Research
Phenomenology of Negative Symptoms
Phenomenology of Negative Symptoms
Phenomenology of Negative Symptoms
Our research on phenomenology has focused on determining: 1) whether negative symptoms are best conceptualized as a categorical, dimensional, or hybrid construct; 2) how many domains are part of the negative symptom construct. Our findings indicate that negative symptoms are a hybrid dimensional-categorical construct, such that people with schizophrenia differ in kind above a certain symptom threshold that is predictive of individual differences in the severity of several external correlates. Early work that we and others conducted on the factor structure of negative symptoms supported a two dimensional conceptualization. However, most recently, we have found that the construct is best considered in relation to 5 domains (anhedonia, avolition, asociality, blunted affect, alogia); this finding has been replicated using multiple mathematical techniques (e.g., CFA and network analysis), using multiple scales (BNSS, CAINS, SANS), across multiple cultures, both sexes, and all phases of illness (prodromal, first episode, chronic) suggesting that the 5 domain conceptualization is robust. Recently, we have been examining whether these 5 domains have distinct pathophysiological mechanisms and clinical correlates to determine whether a change is needed for DSM-5 negative symptom diagnostic criteria and whether the 5 domains reflect distinct treatment targets.
Assessment of Negative Symptoms
Phenomenology of Negative Symptoms
Phenomenology of Negative Symptoms
The development of next-generation negative symptom assessments has been another key focus of research in the CAN Lab. In 2005, NIMH held a consensus development conference on negative symptoms. A key conclusion of this meeting was that new rating scales were needed to increase chances of observing treatment effects. Two second generation negative symptom rating scales resulted from this initiative. Dr. Strauss was co-developer of one of these scales, the Brief Negative Symptom Scale (BNSS), and served as PI on multiple studies validating the scale. Dr Strauss has also led efforts in translating the BNSS into over a dozen languages and facilitating its primary intended use as an outcome measure in industry sponsored clinical trials. Most recently, he co-developed and validated a new scale for those at high-risk, the Negative Symptom Inventory- Psychosis Risk, which is being examined in an R01 from NIMH. He has also begun developing and validating novel digital phenotyping measures of negative symptoms that likely reflect the third generation of negative symptom assessment (e.g., geolocation, accelerometry, ambient sound, measures of facial and vocal affect recorded from ambulatory videos). We are pioneering big data analytic approaches for evaluating digital phenotyping data.

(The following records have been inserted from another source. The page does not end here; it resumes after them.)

(* Assume the no-anticipation, common-support and transition-independence conditions stated in the context. Then for every $t=T_0+1,\dots,T$, \[ \boldsymbol\mu^{\mathrm{DiD}}_t-\boldsymbol\mu^{\mathrm{ATT}}_t=\sum_{\mathbf x_1^{T_0}\in\mathcal X^{T_0}}\mathbb{E}\big[\mathbf X_t-\mathbf x_{T_0}\mid \mathbf X_1^{T_0}=\mathbf x_1^{T_0},D=0\big]\Big\{\Pr(\mathbf X_1^{T_0}=\mathbf x_1^{T_0}\mid D=1)-\Pr(\mathbf X_1^{T_0}=\mathbf x_1^{T_0}\mid D=0)\Big\}, \] where $\mathbf x_{T_0}$ denotes the last component of $\mathbf x_1^{T_0}=(\mathbf x_1,\dots,\mathbf x_{T_0})$.
   Context: Fix integers $T_0\ge1$, $T_1\ge1$, $T=T_0+T_1$, $K\ge2$, and outcome categories $\mathcal Y=\{\bar y^{(1)},\dots,\bar y^{(K)}\}$. On a probability space, a unit has a treatment indicator $D\in\{0,1\}$ (treated units are untreated in periods $1,\dots,T_0$ and treated in periods $T_0+1,\dots,T$; control units are never treated) and potential outcomes $Y_t(0),Y_t(1)\in\mathcal Y$, $t=1,\dots,T$. For $d\in\{0,1\}$ let $\mathbf X_t(d)=(\mathbf 1(Y_t(d)=\bar y^{(1)}),\dots,\mathbf 1(Y_t(d)=\bar y^{(K)}))^\top\in\mathcal X:=\{x\in\{0,1\}^K:\sum_k x^{(k)}=1\}$. Observed outcomes: $\mathbf X_t=\mathbf X_t(0)$ for $t\le T_0$, $\mathbf X_t=D\mathbf X_t(1)+(1-D)\mathbf X_t(0)$ for $t\ge T_0+1$. Write $\mathbf X_1^{T_0}=(\mathbf X_1,\dots,\mathbf X_{T_0})$, $\mathbf X_1^{T_0}(0)=(\mathbf X_1(0),\dots,\mathbf X_{T_0}(0))$. For $t\ge T_0+1$: $\boldsymbol\mu^{\mathrm{ATT}}_t=\mathbb{E}[\mathbf X_t(1)-\mathbf X_t(0)\mid D=1]$ and $\boldsymbol\mu^{\mathrm{DiD}}_t=\mathbb{E}[\mathbf X_t-\mathbf X_{T_0}\mid D=1]-\mathbb{E}[\mathbf X_t-\mathbf X_{T_0}\mid D=0]$. Conditional quantities are taken only given events of positive probability. No anticipation: $\mathbf X_t(1)=\mathbf X_t(0)$ for $t\le T_0$. Common support: there is $\epsilon>0$ with $\epsilon\le\Pr(D=1\mid\mathbf X_1^{T_0}=\mathbf x_1^{T_0})<1-\epsilon$ for every $\mathbf x_1^{T_0}$ with $\Pr(\mathbf X_1^{T_0}=\mathbf x_1^{T_0})>0$. Transition independence: for every $t\ge T_0+1$, $\mathbf x_t\in\mathcal X$, $\mathbf x_1^{T_0}\in\mathcal X^{T_0}$: $\Pr(\mathbf X_t(0)=\mathbf x_t\mid \mathbf X_1^{T_0}(0)=\mathbf x_1^{T_0},D=1)=\Pr(\mathbf X_t(0)=\mathbf x_t\mid \mathbf X_1^{T_0}(0)=\mathbf x_1^{T_0},D=0)$. *)

theory Defs
  imports "HOL-Probability.Probability"
begin

text \<open>Outcome categories are the elements of a finite type 'k (K = CARD('k)).
  The one-hot encoding of a category is a vector in real^'k.\<close>

definition ind_vec :: "'k::finite \<Rightarrow> real^'k" where
  "ind_vec y = (\<chi> k. if y = k then 1 else 0)"

definition Yobs :: "nat \<Rightarrow> ('a \<Rightarrow> bool) \<Rightarrow> (nat \<Rightarrow> 'a \<Rightarrow> 'k) \<Rightarrow> (nat \<Rightarrow> 'a \<Rightarrow> 'k)
    \<Rightarrow> nat \<Rightarrow> 'a \<Rightarrow> 'k" where
  "Yobs T0 D Y0 Y1 t \<omega> = (if t \<le> T0 then Y0 t \<omega> else if D \<omega> then Y1 t \<omega> else Y0 t \<omega>)"

definition Xobs :: "nat \<Rightarrow> ('a \<Rightarrow> bool) \<Rightarrow> (nat \<Rightarrow> 'a \<Rightarrow> 'k::finite) \<Rightarrow> (nat \<Rightarrow> 'a \<Rightarrow> 'k)
    \<Rightarrow> nat \<Rightarrow> 'a \<Rightarrow> real^'k" where
  "Xobs T0 D Y0 Y1 t \<omega> = ind_vec (Yobs T0 D Y0 Y1 t \<omega>)"

text \<open>Pre-treatment histories x_1^{T0} in X^{T0}, represented by their categories.\<close>
definition histories :: "nat \<Rightarrow> (nat \<Rightarrow> 'k) set" where
  "histories T0 = PiE {1..T0} (\<lambda>_. UNIV)"

definition hist_event :: "'a measure \<Rightarrow> (nat \<Rightarrow> 'a \<Rightarrow> 'k) \<Rightarrow> nat \<Rightarrow> (nat \<Rightarrow> 'k) \<Rightarrow> 'a set" where
  "hist_event M Y T0 h = {\<omega> \<in> space M. \<forall>s\<in>{1..T0}. Y s \<omega> = h s}"

definition cprob :: "'a measure \<Rightarrow> 'a set \<Rightarrow> 'a set \<Rightarrow> real" where
  "cprob M A B = measure M (A \<inter> B) / measure M B"

definition cexp :: "'a measure \<Rightarrow> ('a \<Rightarrow> real^'k) \<Rightarrow> 'a set \<Rightarrow> real^'k" where
  "cexp M X B = (1 / measure M B) *\<^sub>R (\<integral>\<omega>. indicator B \<omega> *\<^sub>R X \<omega> \<partial>M)"

definition treated :: "'a measure \<Rightarrow> ('a \<Rightarrow> bool) \<Rightarrow> 'a set" where
  "treated M D = {\<omega> \<in> space M. D \<omega>}"

definition control :: "'a measure \<Rightarrow> ('a \<Rightarrow> bool) \<Rightarrow> 'a set" where
  "control M D = {\<omega> \<in> space M. \<not> D \<omega>}"

definition mu_ATT :: "'a measure \<Rightarrow> ('a \<Rightarrow> bool) \<Rightarrow> (nat \<Rightarrow> 'a \<Rightarrow> 'k::finite) \<Rightarrow> (nat \<Rightarrow> 'a \<Rightarrow> 'k)
    \<Rightarrow> nat \<Rightarrow> real^'k" where
  "mu_ATT M D Y0 Y1 t = cexp M (\<lambda>\<omega>. ind_vec (Y1 t \<omega>) - ind_vec (Y0 t \<omega>)) (treated M D)"

definition mu_DiD :: "'a measure \<Rightarrow> nat \<Rightarrow> ('a \<Rightarrow> bool) \<Rightarrow> (nat \<Rightarrow> 'a \<Rightarrow> 'k::finite)
    \<Rightarrow> (nat \<Rightarrow> 'a \<Rightarrow> 'k) \<Rightarrow> nat \<Rightarrow> real^'k" where
  "mu_DiD M T0 D Y0 Y1 t =
     cexp M (\<lambda>\<omega>. Xobs T0 D Y0 Y1 t \<omega> - Xobs T0 D Y0 Y1 T0 \<omega>) (treated M D)
   - cexp M (\<lambda>\<omega>. Xobs T0 D Y0 Y1 t \<omega> - Xobs T0 D Y0 Y1 T0 \<omega>) (control M D)"

end

theory Submission
  imports Defs
begin

(* Write Z = X_t(0) - X_T0(0). On the treated the observed change X_t - X_T0 equals
   X_t(1) - X_t(0) + Z, on the controls it equals Z, so DiD - ATT = E[Z | D=1] - E[Z | D=0].
   Expand both conditional expectations over the pre-treatment histories h. On the event of h,
   X_T0(0) is the constant x_T0, and by transition independence X_t(0) has the same conditional
   law in both groups, so E[Z | h, D=1] = E[Z | h, D=0]; common support makes the control cell
   non-null whenever the treated one is. Hence only the weights Pr(h | D) differ between the two
   expansions, which is the stated formula. *)

lemma ind_vec_eq_axis: "ind_vec y = axis y (1::real)"
  by (simp add: ind_vec_def axis_def vec_eq_iff eq_commute)

lemma integrable_ind_vec:
  assumes "finite_measure M" "Y \<in> M \<rightarrow>\<^sub>M count_space UNIV"
  shows "integrable M (\<lambda>\<omega>. ind_vec (Y \<omega>))"
proof (rule finite_measure.integrable_const_bound[OF assms(1), where B=1])
  show "AE \<omega> in M. norm (ind_vec (Y \<omega>)) \<le> 1"
    by (simp add: ind_vec_eq_axis)
  show "(\<lambda>\<omega>. ind_vec (Y \<omega>)) \<in> borel_measurable M"
    using assms(2) by (rule measurable_compose) simp
qed

lemma cexp_cong: "(\<And>\<omega>. \<omega> \<in> B \<Longrightarrow> X \<omega> = X' \<omega>) \<Longrightarrow> cexp M X B = cexp M X' B"
  unfolding cexp_def by (metis indicator_simps(2) scale_zero_left)

lemma cexp_diff:
  assumes "integrable M X" "integrable M X'" "B \<in> sets M"
  shows "cexp M (\<lambda>\<omega>. X \<omega> - X' \<omega>) B = cexp M X B - cexp M X' B"
  using assms by (simp add: cexp_def scaleR_diff_right integrable_mult_indicator)

lemma cexp_const:
  assumes "finite_measure M" "B \<in> sets M" "measure M B > 0"
  shows "cexp M (\<lambda>_. c) B = c"
proof -
  have "integrable M (indicator B :: 'a \<Rightarrow> real)"
    using assms by (simp add: finite_measure.emeasure_finite less_top[symmetric])
  with assms sets.sets_into_space[OF assms(2)] show ?thesis
    by (simp add: cexp_def Int_absorb2)
qed

(* Needs no positivity of measure M B: on a null set both sides vanish. *)
lemma measure_scaleR_cexp:
  assumes "finite_measure M" "B \<in> sets M"
  shows "measure M B *\<^sub>R cexp M X B = (\<integral>\<omega>. indicator B \<omega> *\<^sub>R X \<omega> \<partial>M)"
proof (cases "measure M B = 0")
  case True
  then have "B \<in> null_sets M"
    using assms by (simp add: null_setsI finite_measure.emeasure_eq_measure)
  then have "AE \<omega> in M. indicator B \<omega> *\<^sub>R X \<omega> = 0"
    by (auto elim!: AE_mp[OF AE_not_in])
  with True show ?thesis by (simp add: integral_eq_zero_AE)
qed (simp add: cexp_def)

lemma cexp_ind_vec_nth:
  assumes "finite_measure M" "Y \<in> M \<rightarrow>\<^sub>M count_space UNIV" "B \<in> sets M"
  shows "cexp M (\<lambda>\<omega>. ind_vec (Y \<omega>)) B $ k = cprob M {\<omega> \<in> space M. Y \<omega> = k} B"
proof -
  have "(\<integral>\<omega>. indicator B \<omega> *\<^sub>R ind_vec (Y \<omega>) \<partial>M) $ k
      = (\<integral>\<omega>. (indicator B \<omega> *\<^sub>R ind_vec (Y \<omega>)) $ k \<partial>M)"
    using integrable_mult_indicator[OF assms(3) integrable_ind_vec[OF assms(1,2)]]
    by (rule integral_bounded_linear[OF bounded_linear_vec_nth, symmetric])
  also have "\<dots> = (\<integral>\<omega>. indicator ({\<omega> \<in> space M. Y \<omega> = k} \<inter> B) \<omega> \<partial>M)"
    using sets.sets_into_space[OF assms(3)]
    by (intro Bochner_Integration.integral_cong) (auto simp: ind_vec_def indicator_def)
  also have "\<dots> = measure M ({\<omega> \<in> space M. Y \<omega> = k} \<inter> B)"
    by (auto intro: arg_cong[where f="measure M"])
  finally show ?thesis
    by (simp add: cexp_def cprob_def)
qed

lemma cexp_total:
  assumes "finite_measure M" "integrable M X" "finite I" "disjoint_family_on P I"
    "\<And>i. i \<in> I \<Longrightarrow> P i \<in> sets M" "space M \<subseteq> (\<Union>i\<in>I. P i)" "S \<in> sets M"
  shows "cexp M X S = (\<Sum>i\<in>I. cprob M (P i) S *\<^sub>R cexp M X (P i \<inter> S))"
proof -
  have "cprob M (P i) S *\<^sub>R cexp M X (P i \<inter> S)
      = (1 / measure M S) *\<^sub>R (\<integral>\<omega>. indicator (P i \<inter> S) \<omega> *\<^sub>R X \<omega> \<partial>M)" if "i \<in> I" for i
    using assms(5)[OF that] assms(7)
    by (simp add: cprob_def flip: measure_scaleR_cexp[OF assms(1)])
  then have "(\<Sum>i\<in>I. cprob M (P i) S *\<^sub>R cexp M X (P i \<inter> S))
      = (1 / measure M S) *\<^sub>R (\<Sum>i\<in>I. \<integral>\<omega>. indicator (P i \<inter> S) \<omega> *\<^sub>R X \<omega> \<partial>M)"
    by (simp add: scaleR_sum_right)
  also have "(\<Sum>i\<in>I. \<integral>\<omega>. indicator (P i \<inter> S) \<omega> *\<^sub>R X \<omega> \<partial>M)
      = (\<integral>\<omega>. (\<Sum>i\<in>I. indicator (P i \<inter> S) \<omega>) *\<^sub>R X \<omega> \<partial>M)"
    unfolding scaleR_sum_left using assms
    by (subst Bochner_Integration.integral_sum) (auto intro!: integrable_mult_indicator)
  also have "(\<lambda>\<omega>. \<Sum>i\<in>I. indicator (P i \<inter> S) \<omega>) = (indicator S :: 'a \<Rightarrow> real)"
  proof
    fix \<omega>
    have "disjoint_family_on (\<lambda>i. P i \<inter> S) I"
      using assms(4) by (auto simp: disjoint_family_on_def)
    then have "(\<Sum>i\<in>I. indicator (P i \<inter> S) \<omega>) = (indicator (\<Union>i\<in>I. P i \<inter> S) \<omega> :: real)"
      by (rule indicator_UN_disjoint[OF assms(3), symmetric])
    also have "(\<Union>i\<in>I. P i \<inter> S) = S"
      using assms(6) sets.sets_into_space[OF assms(7)] by blast
    finally show "(\<Sum>i\<in>I. indicator (P i \<inter> S) \<omega>) = (indicator S \<omega> :: real)" .
  qed
  finally show ?thesis
    by (simp add: cexp_def)
qed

Etiology of Negative Symptoms
Treatment of Negative Symptoms
Treatment of Negative Symptoms
The primary focus of our research is on identifying mechanisms underlying negative symptoms. Our initial studies examined the most straightforward explanation for avolitional symptoms in schizophrenia- that individuals fail to engage in activities because they do not find them rewarding; however, this hypothesis was not supported because subjective and neurophysiological response to rewarding stimuli is intact in schizophrenia. This finding lead us to explore why apparently normal hedonic responses do not translate into goal-directed behavior in schizophrenia. We have demonstrated that abnormalities in several aspects of reward processing (e.g., reinforcement learning, effort-cost computation, value representation, uncertainty-driven exploration) that are driven by aberrant cortico-striatal interactions may prevent intact hedonic responses from influencing decision-making processes that are needed to initiate motivated behavior. We have also demonstrated that avolition is associated with dysfunctional cognition-emotion interactions (e.g., memory, attention), emotion regulation abnormalities, social cognition impairments, a reduction in the positivity offset, and anhedonic beliefs. In the past few years, we have expanded our work on the etiology of negative symptoms into the psychosis prodrome, where we have found that reward processing deficits predict the severity of negative symptoms in at-risk youth. However, due to the greater propensity for depression in this phase of illness, hedonic deficits play a greater role in negative symptoms in the prodrome than in schizophrenia, propagating forward and creating deficits in other aspects of reward processing that also occur in schizophrenia. We are currently conducting longitudinal studies to determine which reward processing mechanisms associated with negative symptoms predict the emergence of psychotic disorders versus other conditions (e.g., depression) in youth at clinical high-risk for psychosis in the CAPR R01. Most recently, we are exploring a novel "bioecosystem" theory of negative symptoms that proposes interactions between person-level biological and psychological factors with environmental systems (microsystem, mesosystem, exosystem, and macrosystem) that cause or maintain negative symptoms.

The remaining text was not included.